The img-img mode is just the general way image-to-image convolutional neural networks work. These have been discussed and improved in hundreds of different publications and our implementation uses techniques from many different papers. ELEKTRONN2 is more of a toolkit that can be used to implement and test many different neural network architectures. It is not limited to any single approach of one paper. (Actually, the notion of "modes" comes from the predecessor ELEKTRONN 1.0, where those modes had to be explicitly chosen. In network configs for ELEKTRONN2's, the "mode" is not explicitly stated.)

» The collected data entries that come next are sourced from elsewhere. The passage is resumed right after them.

lemma laplacian_eigenvalue_mult_sin:
  assumes "1 \<le> i"
  shows "laplacian_eigenvalue m l * sin (real i * pi * (real l / real (m + 1))) =
    2 * sin (real i * pi * (real l / real (m + 1)))
      - sin (real (i + 1) * pi * (real l / real (m + 1)))
      - sin (real (i - 1) * pi * (real l / real (m + 1)))"
proof -
  define t where "t = real l / real (m + 1)"
  define a b where "a = real i * pi * t" and "b = pi * t"
  have ab: "real (i + 1) * pi * t = a + b" "real (i - 1) * pi * t = a - b"
    using assms unfolding a_def b_def by (simp_all add: of_nat_diff algebra_simps)
  have eigenvalue: "laplacian_eigenvalue m l = 2 - 2 * cos b"
    using cos_double_sin[of "b / 2"] unfolding laplacian_eigenvalue_def t_def[symmetric] b_def
    by (simp add: power_mult_distrib)
  show ?thesis
    unfolding t_def[symmetric] ab a_def[symmetric] eigenvalue by (simp add: sin_add sin_diff algebra_simps)
qed

lemma hbar_eq_diag_conj:
  assumes i: "i \<in> {1..m}" and j: "j \<in> {1..m}"
  shows "hbar m i j = diag_conj {1..m} (sine_basis m) (laplacian_eigenvalue m) i j"
proof -
  define s where "s p l = sin (real p * pi * (real l / real (m + 1)))" for p l
  have eigen: "laplacian_eigenvalue m l * s i l = 2 * s i l - s (i + 1) l - s (i - 1) l" for l
    unfolding s_def using i by (intro laplacian_eigenvalue_mult_sin) simp
  have "diag_conj {1..m} (sine_basis m) (laplacian_eigenvalue m) i j =
      2 / real (m + 1) * (\<Sum>l=1..m. (laplacian_eigenvalue m l * s i l) * s j l)"
    unfolding diag_conj_def sine_basis_mult s_def sum_distrib_left by (simp only: mult.assoc)
  also have "\<dots> = 2 / real (m + 1) *
      (2 * (\<Sum>l=1..m. s i l * s j l) - (\<Sum>l=1..m. s (i + 1) l * s j l) - (\<Sum>l=1..m. s (i - 1) l * s j l))"
    by (simp only: eigen left_diff_distrib mult.assoc sum_subtractf flip: sum_distrib_left)
  also have "\<dots> = 2 / real (m + 1) * (2 * (if i = j then (real m + 1) / 2 else 0)
      - (if i + 1 = j then (real m + 1) / 2 else 0) - (if i - 1 = j then (real m + 1) / 2 else 0))"
  proof -
    have p: "i \<le> m + 1" "i + 1 \<le> m + 1" "i - 1 \<le> m + 1"
      using i by auto
    show ?thesis
      unfolding s_def sum_sin_mult_sin[OF p(1) j] sum_sin_mult_sin[OF p(2) j] sum_sin_mult_sin[OF p(3) j] ..
  qed
  also have "\<dots> = hbar m i j"
    using i j unfolding hbar_def by (auto simp: field_simps)
  finally show ?thesis ..
qed

section \<open>The integrand of h_N\<close>

definition h_N_integrand :: "real \<Rightarrow> nat \<Rightarrow> nat \<Rightarrow> real \<Rightarrow> real" where
  "h_N_integrand \<alpha> j k x = sin (pi * x / 2) powr (2 * \<alpha>) * sin (real j * pi * x) * sin (real k * pi * x)"

lemma h_N_eq_integral: "h_N \<alpha> j k = 2 powr (1 + 2 * \<alpha>) * integral {0..1} (h_N_integrand \<alpha> j k)"
  unfolding h_N_def h_N_integrand_def[abs_def] ..

lemma laplacian_eigenvalue_powr:
  assumes "l \<in> {1..m}"
  shows "laplacian_eigenvalue m l powr \<alpha> = 2 powr (2 * \<alpha>) * sin (pi * (real l / real (m + 1)) / 2) powr (2 * \<alpha>)"
proof -
  define s where "s = sin (pi * (real l / real (m + 1)) / 2)"
  have "0 < s"
    unfolding s_def using assms by (rule sin_half_node_pos)
  then have "laplacian_eigenvalue m l = (2 * s) powr 2"
    unfolding laplacian_eigenvalue_def s_def[symmetric] by simp
  then have "laplacian_eigenvalue m l powr \<alpha> = (2 * s) powr (2 * \<alpha>)"
    by (simp only: powr_powr)
  also have "\<dots> = 2 powr (2 * \<alpha>) * s powr (2 * \<alpha>)"
    by (rule powr_mult)
  finally show ?thesis
    unfolding s_def .
qed

text \<open>The node l = 0 contributes nothing, so the eigen-sum over l = 1..m is a complete
  left Riemann sum on m + 1 nodes.\<close>
lemma mat_powr_hbar_eq_riemann_sum:
  assumes i: "i \<in> {1..m}" and j: "j \<in> {1..m}"
  shows "mat_powr m (hbar m) \<alpha> i j =
    2 powr (1 + 2 * \<alpha>) * ((\<Sum>l<m + 1. h_N_integrand \<alpha> i j (real l / real (m + 1))) / real (m + 1))"
proof -
  have "mat_powr m (hbar m) \<alpha> i j = diag_conj {1..m} (sine_basis m) (\<lambda>l. laplacian_eigenvalue m l powr \<alpha>) i j"
    by (rule mat_powr_eq_diag_conj[OF sine_basis_orthonormal laplacian_eigenvalue_pos hbar_eq_diag_conj i j])
  also have "\<dots> = (\<Sum>l\<in>{1..m}. 2 powr (1 + 2 * \<alpha>) * (h_N_integrand \<alpha> i j (real l / real (m + 1)) / real (m + 1)))"
    unfolding diag_conj_def sine_basis_mult
    by (intro sum.cong refl) (simp add: laplacian_eigenvalue_powr h_N_integrand_def powr_add)
  also have "\<dots> = 2 powr (1 + 2 * \<alpha>) * ((\<Sum>l\<in>{1..m}. h_N_integrand \<alpha> i j (real l / real (m + 1))) / real (m + 1))"
    by (simp only: sum_distrib_left sum_divide_distrib)
  also have "(\<Sum>l\<in>{1..m}. h_N_integrand \<alpha> i j (real l / real (m + 1))) =
      (\<Sum>l<m + 1. h_N_integrand \<alpha> i j (real l / real (m + 1)))"
  proof -
    have split_0: "(\<Sum>l<m + 1. g l) = g 0 + (\<Sum>l\<in>{1..m}. g l)" for g :: "nat \<Rightarrow> real"
      by (simp add: sum.atLeast1_atMost_eq sum.lessThan_Suc_shift del: sum.lessThan_Suc)
    show ?thesis
      unfolding split_0 by (simp add: h_N_integrand_def)
  qed
  finally show ?thesis .
qed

As noted in the documentation, the UpConv operation is based on the idea of transposed convolution: http://deeplearning.net/software/theano/tutorial/conv_arithmetic.html#transposed-convolution-arithmetic. Terminology is pretty confusing here, because the terms "transposed convolution", "upconvolution" and "deconvolution" are (sometimes wrongly) used by other researchers for the same idea. @xeray implemented this operation to make it possible to design networks similar to U-Net in ELEKTRONN2: multiple network branches operate on different image scales and the smaller-scale outputs are "up-convoluted" to combine them with larger-scale branches. An example implementation of a similar network can be found in the unet_3d.py example file in this repo.

I definitely agree that we should always link to references when possible in the documentation. I am working on this.